Requirement: Could you return all of the records exactly as they stand?

Saved data entries:
+++++

lemma mm_decomp_rotate:
  assumes "mm_decomp p q s r"
  shows "mm_decomp q s p r"
proof -
  obtain u v w :: "nat \<Rightarrow> nat \<Rightarrow> nat \<Rightarrow> complex" where decomp: "\<And>i j k k' l l'.
      i < p \<Longrightarrow> j < p \<Longrightarrow> k < q \<Longrightarrow> k' < q \<Longrightarrow> l < s \<Longrightarrow> l' < s \<Longrightarrow>
      (\<Sum>t<r. u t j k * v t k' l' * w t i l) = of_bool (j = i \<and> k = k' \<and> l' = l)"
    using assms unfolding mm_decomp_def by blast
  show ?thesis
    unfolding mm_decomp_def
  proof (rule exI[of _ v], rule exI[of _ "\<lambda>t k' l'. w t l' k'"], rule exI[of _ "\<lambda>t i l. u t l i"],
      intro allI impI)
    fix i j k k' l l'
    assume "i < q" "j < q" "k < s" "k' < s" "l < p" "l' < p"
    then show "(\<Sum>t<r. v t j k * w t l' k' * u t l i) = of_bool (j = i \<and> k = k' \<and> l' = l)"
      using decomp[of l' l i j k' k] by (auto simp: mult_ac)
  qed
qed

lemma mm_decomp_restrict:
  assumes "mm_decomp p q s r" and "p' \<le> p" and "q' \<le> q" and "s' \<le> s"
  shows "mm_decomp p' q' s' r"
proof -
  obtain u v w :: "nat \<Rightarrow> nat \<Rightarrow> nat \<Rightarrow> complex" where decomp: "\<And>i j k k' l l'.
      i < p \<Longrightarrow> j < p \<Longrightarrow> k < q \<Longrightarrow> k' < q \<Longrightarrow> l < s \<Longrightarrow> l' < s \<Longrightarrow>
      (\<Sum>t<r. u t j k * v t k' l' * w t i l) = of_bool (j = i \<and> k = k' \<and> l' = l)"
    using assms(1) unfolding mm_decomp_def by blast
  show ?thesis
    unfolding mm_decomp_def
    by (intro exI[of _ u] exI[of _ v] exI[of _ w] allI impI decomp) (use assms(2-4) in auto)
qed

+++++

Finished task:
lemma mm_decomp_rotate:
  assumes "mm_decomp p q s r"
  shows "mm_decomp q s p r"
proof -
  obtain u v w :: "nat \<Rightarrow> nat \<Rightarrow> nat \<Rightarrow> complex" where decomp: "\<And>i j k k' l l'.
      i < p \<Longrightarrow> j < p \<Longrightarrow> k < q \<Longrightarrow> k' < q \<Longrightarrow> l < s \<Longrightarrow> l' < s \<Longrightarrow>
      (\<Sum>t<r. u t j k * v t k' l' * w t i l) = of_bool (j = i \<and> k = k' \<and> l' = l)"
    using assms unfolding mm_decomp_def by blast
  show ?thesis
    unfolding mm_decomp_def
  proof (rule exI[of _ v], rule exI[of _ "\<lambda>t k' l'. w t l' k'"], rule exI[of _ "\<lambda>t i l. u t l i"],
      intro allI impI)
    fix i j k k' l l'
    assume "i < q" "j < q" "k < s" "k' < s" "l < p" "l' < p"
    then show "(\<Sum>t<r. v t j k * w t l' k' * u t l i) = of_bool (j = i \<and> k = k' \<and> l' = l)"
      using decomp[of l' l i j k' k] by (auto simp: mult_ac)
  qed
qed

lemma mm_decomp_restrict:
  assumes "mm_decomp p q s r" and "p' \<le> p" and "q' \<le> q" and "s' \<le> s"
  shows "mm_decomp p' q' s' r"
proof -
  obtain u v w :: "nat \<Rightarrow> nat \<Rightarrow> nat \<Rightarrow> complex" where decomp: "\<And>i j k k' l l'.
      i < p \<Longrightarrow> j < p \<Longrightarrow> k < q \<Longrightarrow> k' < q \<Longrightarrow> l < s \<Longrightarrow> l' < s \<Longrightarrow>
      (\<Sum>t<r. u t j k * v t k' l' * w t i l) = of_bool (j = i \<and> k = k' \<and> l' = l)"
    using assms(1) unfolding mm_decomp_def by blast
  show ?thesis
    unfolding mm_decomp_def
    by (intro exI[of _ u] exI[of _ v] exI[of _ w] allI impI decomp) (use assms(2-4) in auto)
qed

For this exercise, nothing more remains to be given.